PROBLEM STATEMENT | Look over the lines below. Report each one that includes the string "forall".

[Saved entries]
******
text \<open>kappa-expandable, for a cardinal kappa given as a well-order relation
  (ord(x,G) \<le> kappa expressed via card_of).  Since U d \<inter> D = {d}, the map
  d \<mapsto> U d is injective, so counting indices d equals counting members of G.\<close>
definition expandable :: "'b rel \<Rightarrow> 'a topology \<Rightarrow> bool" where
  "expandable \<kappa> X \<longleftrightarrow>
     (\<forall>D. closedin X D \<and> discrete_subspace X D \<longrightarrow>
        (\<exists>U :: 'a \<Rightarrow> 'a set.
           (\<forall>d\<in>D. openin X (U d) \<and> U d \<inter> D = {d}) \<and>
           (\<forall>x\<in>topspace X. (card_of {U d | d. d \<in> D \<and> x \<in> U d}, \<kappa>) \<in> ordLeq)))"

abbreviation omega1 :: "nat set rel" where
  "omega1 \<equiv> cardSuc natLeq"

definition dis_ge_dispersion :: "'a topology \<Rightarrow> bool" where
  "dis_ge_dispersion X \<longleftrightarrow>
     (\<forall>\<D>. (\<forall>D\<in>\<D>. discrete_subspace X D) \<and> \<Union>\<D> = topspace X \<longrightarrow>
        (\<exists>V. openin X V \<and> V \<noteq> {} \<and> (card_of V, card_of \<D>) \<in> ordLeq))"

end

theory Submission
  imports Defs "HOL-Library.Countable_Set_Type"
begin

(* Fix a development G of X and a cover \<D> of X by discrete subspaces.
   Each D \<in> \<D> is split into the sets star_part (G n) D of those d \<in> D whose
   n-th star meets D only in d.  In a T1 space these pieces are closed discrete,
   and they still cover X; they are indexed by \<D> \<times> \<nat>.

   If \<D> is countable, the Baire property yields a piece with non-empty interior;
   being discrete, that piece contains an isolated point p of X, and V = {p} works.

   If \<D> is uncountable, then omega1 \<le> |\<D>| =: \<kappa>.  Expanding every piece E i by
   open sets U i d of point-order \<le> omega1 \<le> \<kappa>, the sets C m of points d of a
   piece E i with star d (G m) \<subseteq> U i d have closures covering X, so by Baire some
   closure of some C m has non-empty interior W.  Cutting W by one member g of G m
   gives an open V all of whose points are captured, via the expansions, by the
   \<le> \<kappa> points of V \<inter> C m, hence |V| \<le> \<kappa>. *)

unbundle cardinal_syntax

section \<open>Stars and developments\<close>

lemma star_mem:
  assumes "open_cover X G" "x \<in> topspace X"
  shows "x \<in> star x G"
  using assms unfolding open_cover_def star_def by blast

lemma development_star_inside:
  assumes "development X G" "x \<in> topspace X" "openin X W" "x \<in> W"
  shows "\<exists>n. star x (G n) \<subseteq> W"
proof -
  have "local_base X x {star x (G n) |n. True}"
    using assms(1,2) by (simp add: development_def)
  then show ?thesis
    using assms(3,4) unfolding local_base_def by blast
qed

lemma open_cover_member:
  assumes "open_cover X G" "x \<in> topspace X"
  obtains g where "g \<in> G" "x \<in> g" "openin X g"
  using assms unfolding open_cover_def by blast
******
SOLUTION FOR THIS PROBLEM |
     (\<forall>D. closedin X D \<and> discrete_subspace X D \<longrightarrow>
           (\<forall>d\<in>D. openin X (U d) \<and> U d \<inter> D = {d}) \<and>
           (\<forall>x\<in>topspace X. (card_of {U d | d. d \<in> D \<and> x \<in> U d}, \<kappa>) \<in> ordLeq)))"
     (\<forall>\<D>. (\<forall>D\<in>\<D>. discrete_subspace X D) \<and> \<Union>\<D> = topspace X \<longrightarrow>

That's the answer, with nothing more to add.